Déguster le fameux vin naturel orange géorgien
C’est enfin l’heure de (re)goûter à ces vins si singuliers que l’on ne trouve qu’en Géorgie. Véritable berceau de la viticulture — les premières traces remontent à plus de 8,000 ans —, le pays compte plus de 500 cépages différents, et dispose d’une technique de vinification uniqueen qvevri (ou kvevri), amphores de terre cuite pouvant atteindre jusqu’à plusieurs tonnes, enfouies sous terre, dans lesquelles le raisin macère en grappes entières durant de longs mois. 

RECETTE

En attendant de déguster la gastronomie géorgienne à Tbilissi lors d’un Supra organisé par Maman, laissez-vous embarquer pour un voyage culinaire autour de l’une des recettes incontournables du pays : le khinkali, véritable petite œuvre d’art !

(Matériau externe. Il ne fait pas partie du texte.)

(* Let $k$ be a commutative ring and $A$ a unital involutive associative $k$-algebra. There is an isomorphism \[HO_0(A)\cong \frac{A}{(a_0a_1a_2-a_2\overline{a_1}a_0)},\] where $(a_0a_1a_2-a_2\overline{a_1}a_0)$ denotes the two-sided ideal of $A$ generated by all elements $a_0a_1a_2-a_2\overline{a_1}a_0$ with $a_0,a_1,a_2\in A$. In particular, $HO_0(A)$ has a ring structure induced from the ring structure of $A$.
   Context: An involutive $k$-algebra is a unital associative $k$-algebra with a $k$-linear map $a\mapsto\overline{a}$ with $\overline{\overline{a}}=a$, $\overline{ab}=\overline{b}\,\overline{a}$, $\overline 1=1$. Let $C_2=\{1,t\}$. The hyperoctahedral category $\Delta H$: objects $[n]=\{0,\dots,n\}$, $n\ge0$; a morphism $f:[n]\to[m]$ is a map of sets with a total order on each fibre and a $C_2$-label on each element of $[n]$; composition $g\circ f$ has fibre over $i$ equal to the concatenation, in the order of $g^{-1}(i)$, of the fibres $f^{-1}(j)$, each replaced by $f^{-1}(j)^t$ (order reversed, labels multiplied by $t$) when $j$ has label $t$ in $g$; labels multiply. The hyperoctahedral bar construction $\mathsf{H}_A:\Delta H\to\mathbf{Mod}_k$ sends $[n]\mapsto A^{\otimes(n+1)}$ and $f$ to $a_0\otimes\cdots\otimes a_n\mapsto b_0\otimes\cdots\otimes b_m$, $b_i$ being the ordered product over $x\in f^{-1}(i)$ of $a_x$ (label $1$) or $\overline{a_x}$ (label $t$), empty product $1_A$. Hyperoctahedral homology is $HO_n(A)=\mathrm{Tor}_n^{\Delta H}(k^{\star},\mathsf{H}_A)$ with $k^{\star}$ the constant right $\Delta H$-module at $k$. *)

theory Defs
  imports Main "HOL-Library.Poly_Mapping" "HOL-Library.Set_Algebras"
begin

Le khinkali est un ravioli géorgien qui peut être fourré de différents ingrédients mais le plus souvent avec de la viande. 

INGRÉDIENTS : 6 PERS.
POUR LA PÂTE :
500 g de farine
1 verre d’eau tiède
Sel

POUR LA FARCE :
300 g de bœuf (ou de mouton)
200 g de farine
2 oignons
5 brins de coriandre
5 brins de persil plat
10 cl d’eau
Paprika
Sel, poivre

  • Préparez la pâte : Versez dans le mixeur la farine et le sel et ajoutez progressivement l’eau tiède en procédant par à-coups jusqu’à ce que le mélange se détache des parois.
  • Mettez la pâte sur un plan fariné et travaillez-la pendant 2 min pour qu’elle soit bien homogène puis laissez-la reposer environ 30 min.
  • Préparer la farce : Hachez votre viande, les oignons, la coriandre et le persil, mélangez et assaisonnez de sel, de poivre et de paprika à votre goût.
  • Ajoutez l’eau et versez la préparation dans un hachoir.
  • Étalez la pâte le plus finement possible au rouleau à pâtisserie puis découpez en disques de 15 à 20 cm de diamètre.
  • Placez au centre de chaque disque la farce et repliez en formant une bourse dont la base doit faire environ 6 à 7 cm et une quinzaine de plis.
  • Mouillez légèrement les bords pour bien les coller et formez une petite queue bien fermée pour qu’elle ne s’ouvre pas à la cuisson. 

    Mettez les khinkalis à cuire dans l’eau bouillante pendant environ 7 minutes. Quand ils remontent à la surface, retirez-les précautionneusement avec une écumoire pour ne pas percer les bourses.Il faut manger le khinkali encore fumant, à la main, après l’avoir copieusement arrosé de poivre. On le prend par le kudi, le petit chapeau où convergent tous les plis de la pâte. On le croque à la base afin d’aspirer goulûment le bouillon, en évitant de se brûler la langue. Puis on peut manger le reste.